# [Description of the task]
Only the lines of the data below from the one with "by (intro mult_nonneg_nonneg" through the one with "(\<lambda>i k. a" are wanted. Repeat them exactly.
**** Given entries ****
text \<open>S (of dimension d) has degree D: for generic coefficients, i.e. for all
  coefficient vectors outside a proper Zariski-closed subset of C^(d*(n+1))
  (the zero set of a polynomial that is not identically zero), the intersection
  of S with the d hyperplanes consists of exactly D points.\<close>

definition has_degree :: "nat \<Rightarrow> nat \<Rightarrow> (nat \<Rightarrow> complex) set \<Rightarrow> nat \<Rightarrow> bool" where
  "has_degree n d S D \<longleftrightarrow>
     (\<exists>P. poly_fun (d*(n+1)) P \<and> (\<exists>a\<in>cpoints (d*(n+1)). P a \<noteq> 0) \<and>
        (\<forall>a\<in>cpoints (d*(n+1)). P a \<noteq> 0 \<longrightarrow>
            finite (hyperplane_section n d S a) \<and> card (hyperplane_section n d S a) = D))"

definition root_u :: "nat \<Rightarrow> nat \<Rightarrow> complex" where
  "root_u m k = exp (2 * pi * \<i> * of_nat k / of_nat m)"

definition param_point :: "nat \<Rightarrow> (nat \<Rightarrow> complex) \<Rightarrow> (nat \<Rightarrow> complex)" where
  "param_point m t = (\<lambda>p. if p < m * m then
      (let k = p div m; j = p mod m in
        if j \<le> m - 2 then root_u m k * (\<Prod>i\<le>j. t i)
        else root_u m k * (\<Prod>i<m-1. inverse (t i) ^ (m - 1 - i)))
     else 0)"

end

theory Submission
  imports Defs
    "Subresultants.Subresultant_Gcd"
    "HOL-Computational_Algebra.Field_as_Ring"
    "HOL-Computational_Algebra.Fundamental_Theorem_Algebra"
begin

(* The image of the parametrisation is cut out by the equations x_{km+j} = u_k x_j and
   x_0 x_1 ... x_{m-1} = 1, so S is this set and every point of S is determined by
   y = (x_0, ..., x_{m-1}). On S a hyperplane becomes a linear equation in y. When the minor
   D of the last m-1 columns of the resulting (m-1) x m system is nonzero, Cramer's rule gives
   y_{j+1} = (alpha_j + s beta_j) / D with s = y_0, and the remaining equation prod y_j = 1
   becomes s prod_j (alpha_j + s beta_j) = D^(m-1). Its degree is m if all beta_j are nonzero,
   and its roots are simple if its discriminant is nonzero. Since D, alpha_j and beta_j are
   polynomial in the hyperplane coefficients (via the adjugate), the section has exactly m
   points off the zero set of D * prod beta_j * discriminant; the hyperplanes x_{l+1} = x_0,
   which lead to s^m = 1, show that this polynomial does not vanish identically. *)

lemma poly_fun_uminus: "poly_fun N p \<Longrightarrow> poly_fun N (\<lambda>x. - p x)"
  using pf_mult[OF pf_const[of N "-1"], of p] by simp
lemma Ramsey_stable_value:
  fixes \<phi> :: "'a set \<Rightarrow> real"
  assumes "infinite Z" "0 < \<eta>" and bounded: "\<And>X. X \<in> [Z]\<^bsup>r\<^esup> \<Longrightarrow> \<bar>\<phi> X\<bar> \<le> B"
  obtains Y where "Y \<subseteq> Z" "infinite Y"
    "\<And>X1 X2. X1 \<in> [Y]\<^bsup>r\<^esup> \<Longrightarrow> X2 \<in> [Y]\<^bsup>r\<^esup> \<Longrightarrow> \<bar>\<phi> X1 - \<phi> X2\<bar> < \<eta>"
proof -
  define colour where "colour X = nat \<lfloor>(\<phi> X + B) / \<eta>\<rfloor>" for X
  have "colour X < nat \<lfloor>2 * B / \<eta>\<rfloor> + 1" if "X \<in> [Z]\<^bsup>r\<^esup>" for X
  proof -
    have "(\<phi> X + B) / \<eta> \<le> 2 * B / \<eta>"
      using bounded[OF that] \<open>0 < \<eta>\<close> by (intro divide_right_mono) (auto simp: abs_le_iff)
    then show ?thesis unfolding colour_def by (simp add: floor_mono nat_mono le_imp_less_Suc)
  qed
  then have "colour ` [Z]\<^bsup>r\<^esup> \<subseteq> {..<nat \<lfloor>2 * B / \<eta>\<rfloor> + 1}" by auto
  then obtain Y c where Y: "Y \<subseteq> Z" "infinite Y" and c: "colour ` [Y]\<^bsup>r\<^esup> \<subseteq> {c}"
    using Ramsey_nsets[OF \<open>infinite Z\<close>] by metis
  have "\<bar>\<phi> X1 - \<phi> X2\<bar> < \<eta>" if "X1 \<in> [Y]\<^bsup>r\<^esup>" "X2 \<in> [Y]\<^bsup>r\<^esup>" for X1 X2
  proof -
    have "X1 \<in> [Z]\<^bsup>r\<^esup>" "X2 \<in> [Z]\<^bsup>r\<^esup>" using that nsets_mono[OF Y(1)] by auto
    then have "0 \<le> \<phi> X1 + B" "0 \<le> \<phi> X2 + B"
      using bounded by (fastforce simp: abs_le_iff)+
    moreover have "colour X1 = colour X2" using c that by blast
    ultimately have "\<bar>(\<phi> X1 + B) - (\<phi> X2 + B)\<bar> < \<eta>"
      unfolding colour_def using \<open>0 < \<eta>\<close> by (intro nat_floor_divide_eq_imp_dist_less)
    then show ?thesis by simp
  qed
  with Y that show ?thesis by blast
qed

lemma Ramsey_stable_values:
  fixes \<phi> :: "'l \<Rightarrow> 'a set \<Rightarrow> real" and size :: "'l \<Rightarrow> nat"
  assumes "finite \<Lambda>" "infinite Z" "0 < \<eta>"
    and bounded: "\<And>l X. l \<in> \<Lambda> \<Longrightarrow> X \<in> [Z]\<^bsup>size l\<^esup> \<Longrightarrow> \<bar>\<phi> l X\<bar> \<le> B"
  shows "\<exists>Y \<subseteq> Z. infinite Y \<and> (\<forall>l\<in>\<Lambda>. \<forall>X1\<in>[Y]\<^bsup>size l\<^esup>. \<forall>X2\<in>[Y]\<^bsup>size l\<^esup>. \<bar>\<phi> l X1 - \<phi> l X2\<bar> < \<eta>)"
  using \<open>finite \<Lambda>\<close> \<open>infinite Z\<close> bounded
proof (induction \<Lambda> arbitrary: Z rule: finite_induct)
  case empty
  then show ?case by blast
next
  case (insert l \<Lambda>)
  obtain Y1 where Y1: "Y1 \<subseteq> Z" "infinite Y1"
    and stable: "\<And>X1 X2. X1 \<in> [Y1]\<^bsup>size l\<^esup> \<Longrightarrow> X2 \<in> [Y1]\<^bsup>size l\<^esup> \<Longrightarrow> \<bar>\<phi> l X1 - \<phi> l X2\<bar> < \<eta>"
    using Ramsey_stable_value[OF \<open>infinite Z\<close> \<open>0 < \<eta>\<close>, of "size l" "\<phi> l" B] insert.prems(2)
    by blast
  have "\<And>l' X. l' \<in> \<Lambda> \<Longrightarrow> X \<in> [Y1]\<^bsup>size l'\<^esup> \<Longrightarrow> \<bar>\<phi> l' X\<bar> \<le> B"
    using insert.prems(2) nsets_mono[OF Y1(1)] by blast
  then obtain Y where Y: "Y \<subseteq> Y1" "infinite Y"
    and "\<forall>l\<in>\<Lambda>. \<forall>X1\<in>[Y]\<^bsup>size l\<^esup>. \<forall>X2\<in>[Y]\<^bsup>size l\<^esup>. \<bar>\<phi> l X1 - \<phi> l X2\<bar> < \<eta>"
    using insert.IH[OF Y1(2)] by blast
  moreover have "\<forall>X1\<in>[Y]\<^bsup>size l\<^esup>. \<forall>X2\<in>[Y]\<^bsup>size l\<^esup>. \<bar>\<phi> l X1 - \<phi> l X2\<bar> < \<eta>"
    using stable nsets_mono[OF Y(1)] by blast
  ultimately show ?case
    using Y1(1) by (intro exI[of _ Y]) auto
qed

definition pattern_sum ::
  "(nat \<Rightarrow> nat \<Rightarrow> 'a::real_normed_vector) \<Rightarrow> (nat \<Rightarrow> nat) \<Rightarrow> (nat \<Rightarrow> real) \<Rightarrow> nat set \<Rightarrow> 'a" where
  "pattern_sum x \<rho> \<sigma> X = (\<Sum>i<card X. \<sigma> i *\<^sub>R x (\<rho> i) (sorted_list_of_set X ! i))"

definition patterns_stable :: "(nat \<Rightarrow> nat \<Rightarrow> 'a::real_normed_vector) \<Rightarrow> nat \<Rightarrow> real \<Rightarrow> nat set \<Rightarrow> bool" where
  "patterns_stable x k \<eta> Y \<longleftrightarrow>
     (\<forall>r \<le> 2 * k. \<forall>\<rho> \<sigma>. (\<forall>i<r. \<rho> i < k \<and> \<sigma> i \<in> {-1, 1}) \<longrightarrow>
        (\<forall>X1\<in>[Y]\<^bsup>r\<^esup>. \<forall>X2\<in>[Y]\<^bsup>r\<^esup>.
           \<bar>norm (pattern_sum x \<rho> \<sigma> X1) - norm (pattern_sum x \<rho> \<sigma> X2)\<bar> < \<eta>))"

lemma patterns_stableD:
  assumes "patterns_stable x k \<eta> Y" "r \<le> 2 * k" "\<forall>i<r. \<rho> i < k \<and> \<sigma> i \<in> {-1, 1}"
    "X1 \<in> [Y]\<^bsup>r\<^esup>" "X2 \<in> [Y]\<^bsup>r\<^esup>"
  shows "\<bar>norm (pattern_sum x \<rho> \<sigma> X1) - norm (pattern_sum x \<rho> \<sigma> X2)\<bar> < \<eta>"
  using assms unfolding patterns_stable_def by blast

lemma pattern_sum_cong:
  "(\<And>i. i < card X \<Longrightarrow> \<rho> i = \<rho>' i \<and> \<sigma> i = \<sigma>' i) \<Longrightarrow> pattern_sum x \<rho> \<sigma> X = pattern_sum x \<rho>' \<sigma>' X"
  unfolding pattern_sum_def by (rule sum.cong) auto
lemma completely_monotonic_monomial_sum_moments:
  fixes g :: "nat \<Rightarrow> real \<Rightarrow> real"
  assumes deriv: "\<And>p y. 0 < y \<Longrightarrow> (g p has_real_derivative - g (Suc p) y) (at y)"
    and moments: "\<And>y. 0 < y \<Longrightarrow> stieltjes_moment_sequence (\<lambda>p. g p y)"
    and "finite S"
    and poly_nonneg: "\<And>t. (\<And>i. i < N \<Longrightarrow> 0 < t i) \<Longrightarrow> 0 \<le> monomial_sum N S w e (\<lambda>i p. t i ^ p)"
  shows "completely_monotonic (\<lambda>y. monomial_sum N S w e (\<lambda>_ p. g p y))"
proof -
  \<comment> \<open>the K-th derivative; up to its sign, the functional applied to the polynomial
    times \<open>(t 0 + \<dots> + t (N - 1)) ^ K\<close>\<close>
  define F where "F K y = (-1) ^ K * monomial_sum N (S \<times> index_lists K N) (w \<circ> fst)
    (\<lambda>(c, ls) i. e c i + count_list ls i) (\<lambda>_ p. g p y)" for K y
  have "(\<lambda>y. monomial_sum N S w e (\<lambda>_ p. g p y)) = F 0"
    unfolding fun_eq_iff F_def monomial_sum_index_lists by (simp add: monomial_sum_def)
  moreover have "(F K has_real_derivative F (Suc K) y) (at y)" if "0 < y" for K y
    unfolding F_def
    using DERIV_cmult[OF has_real_derivative_monomial_sum_index_lists[where g = g, OF deriv[OF that]]]
    by simp
  moreover have "0 \<le> (-1) ^ K * F K y" if "0 < y" for K y
  proof -
    have "0 \<le> monomial_sum N (S \<times> index_lists K N) (w \<circ> fst)
        (\<lambda>(c, ls) i. e c i + count_list ls i) (\<lambda>_ p. g p y)"
    proof (rule monomial_sum_moments_nonneg[OF moments[OF that]])
      show "finite (S \<times> index_lists K N)"
        using \<open>finite S\<close> by (simp add: index_lists_def finite_lists_length_eq)
      fix t :: "nat \<Rightarrow> real" assume "\<And>i. i < N \<Longrightarrow> 0 < t i"
      then show "0 \<le> monomial_sum N (S \<times> index_lists K N) (w \<circ> fst)
          (\<lambda>(c, ls) i. e c i + count_list ls i) (\<lambda>i p. t i ^ p)"
        unfolding monomial_sum_index_lists_power
        by (intro mult_nonneg_nonneg poly_nonneg zero_le_power sum_nonneg less_imp_le) auto
    qed
    then show ?thesis
      by (simp add: F_def flip: power_add mult_2)
  qed
  ultimately show ?thesis
    by (simp add: completely_monotonicI)
qed

lemma det_nat_scale_rows_cols:
  "det_nat N (\<lambda>i k. a i * b k * A i k) = (\<Prod>i<N. a i) * (\<Prod>i<N. b i) * det_nat N A"
proof -
  have "(\<Prod>i<N. a i * b (\<sigma> i) * A i (\<sigma> i)) = (\<Prod>i<N. a i) * (\<Prod>i<N. b i) * (\<Prod>i<N. A i (\<sigma> i))"
    if "\<sigma> permutes {..<N}" for \<sigma>
    using prod.permute[OF that, of b] by (simp add: prod.distrib comp_def)
  then show ?thesis
    unfolding det_nat_def sum_distrib_left by (intro sum.cong) (auto simp: mult_ac)
qed

lemma det_nat_alternating_signs:
  "(-1) ^ ((n + 1) * N) * det_nat N (\<lambda>i k. (-1) ^ (n + (i + k) * j + 1) * A i k) = det_nat N A"
proof -
  have sq: "(-1 :: real) ^ r * (-1) ^ r = 1" for r
    by (simp flip: power_mult_distrib)
  have "(-1 :: real) ^ (n + (i + k) * j + 1) = (-1) ^ (n + 1) * (-1) ^ (i * j) * (-1) ^ (k * j)" for i k
    unfolding add_mult_distrib power_add by (simp add: mult_ac)
  then have "det_nat N (\<lambda>i k. (-1) ^ (n + (i + k) * j + 1) * A i k)
      = det_nat N (\<lambda>i k. ((-1) ^ (n + 1) * (-1) ^ (i * j)) * (-1) ^ (k * j) * A i k)"
    by (simp only:)
  also have "\<dots> = (\<Prod>i<N. (-1) ^ (n + 1) * (-1) ^ (i * j)) * (\<Prod>i<N. (-1) ^ (i * j)) * det_nat N A"
    by (rule det_nat_scale_rows_cols)
  also have "(\<Prod>i<N. (-1) ^ (n + 1) * (-1) ^ (i * j)) * (\<Prod>i<N. (-1) ^ (i * j)) = ((-1 :: real) ^ (n + 1)) ^ N"
    by (simp add: prod.distrib mult.assoc sq flip: prod.distrib)
  finally show ?thesis
    by (simp only: power_mult[symmetric] mult.assoc[symmetric] sq mult_1_left)
qed

lemma det_nat_symmetrized:
  fixes N :: nat and A :: "nat \<Rightarrow> nat \<Rightarrow> real"
  defines "P \<equiv> {p. p permutes {..<N}}"
  shows "det_nat N A = (\<Sum>(\<alpha>, \<beta>)\<in>P \<times> P. of_int (sign \<alpha> * sign \<beta>) * (\<Prod>i<N. A (\<alpha> i) (\<beta> i))) / fact N"
proof -
  have "(\<Sum>\<beta>\<in>P. of_int (sign \<alpha> * sign \<beta>) * (\<Prod>i<N. A (\<alpha> i) (\<beta> i))) = det_nat N A" if "\<alpha> \<in> P" for \<alpha>
  proof -
    have \<alpha>: "\<alpha> permutes {..<N}" and inv: "inv \<alpha> permutes {..<N}"
      using that permutes_inv by (auto simp: P_def)
    have "det_nat N A = (\<Sum>\<beta>\<in>P. of_int (sign (\<beta> \<circ> inv \<alpha>)) * (\<Prod>i<N. A i ((\<beta> \<circ> inv \<alpha>) i)))"
      unfolding det_nat_def P_def by (rule sum_permutations_compose_right[OF inv])
    also have "\<dots> = (\<Sum>\<beta>\<in>P. of_int (sign \<alpha> * sign \<beta>) * (\<Prod>i<N. A (\<alpha> i) (\<beta> i)))"
    proof (intro sum.cong refl)
      fix \<beta> assume "\<beta> \<in> P"
      then have \<beta>: "\<beta> permutes {..<N}"
        by (simp add: P_def)
      then have "sign (\<beta> \<circ> inv \<alpha>) = sign \<alpha> * sign \<beta>"
        using sign_compose[OF permutes_imp_permutation[OF _ \<beta>] permutes_imp_permutation[OF _ inv]]
          sign_inverse[OF permutes_imp_permutation[OF _ \<alpha>]]
        by simp
      moreover have "(\<Prod>i<N. A i (\<beta> (inv \<alpha> i))) = (\<Prod>i<N. A (\<alpha> i) (\<beta> i))"
        using prod.permute[OF \<alpha>, of "\<lambda>i. A i (\<beta> (inv \<alpha> i))"] \<alpha>
        by (simp add: comp_def permutes_inverses(2))
      ultimately show "of_int (sign (\<beta> \<circ> inv \<alpha>)) * (\<Prod>i<N. A i ((\<beta> \<circ> inv \<alpha>) i))
          = of_int (sign \<alpha> * sign \<beta>) * (\<Prod>i<N. A (\<alpha> i) (\<beta> i))"
        by simp
    qed
    finally show ?thesis ..
  qed
  then have "(\<Sum>(\<alpha>, \<beta>)\<in>P \<times> P. of_int (sign \<alpha> * sign \<beta>) * (\<Prod>i<N. A (\<alpha> i) (\<beta> i)))
      = (\<Sum>\<alpha>\<in>P. det_nat N A)"
    by (simp add: sum.cartesian_product[symmetric])
  also have "\<dots> = fact N * det_nat N A"
    using card_permutations[of "{..<N}" N] by (simp add: P_def)
  finally show ?thesis
    by simp
qed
****
# [Result for this task]
        by (intro mult_nonneg_nonneg poly_nonneg zero_le_power sum_nonneg less_imp_le) auto
    qed
    then show ?thesis
      by (simp add: F_def flip: power_add mult_2)
  qed
  ultimately show ?thesis
    by (simp add: completely_monotonicI)
qed

lemma det_nat_scale_rows_cols:
  "det_nat N (\<lambda>i k. a i * b k * A i k) = (\<Prod>i<N. a i) * (\<Prod>i<N. b i) * det_nat N A"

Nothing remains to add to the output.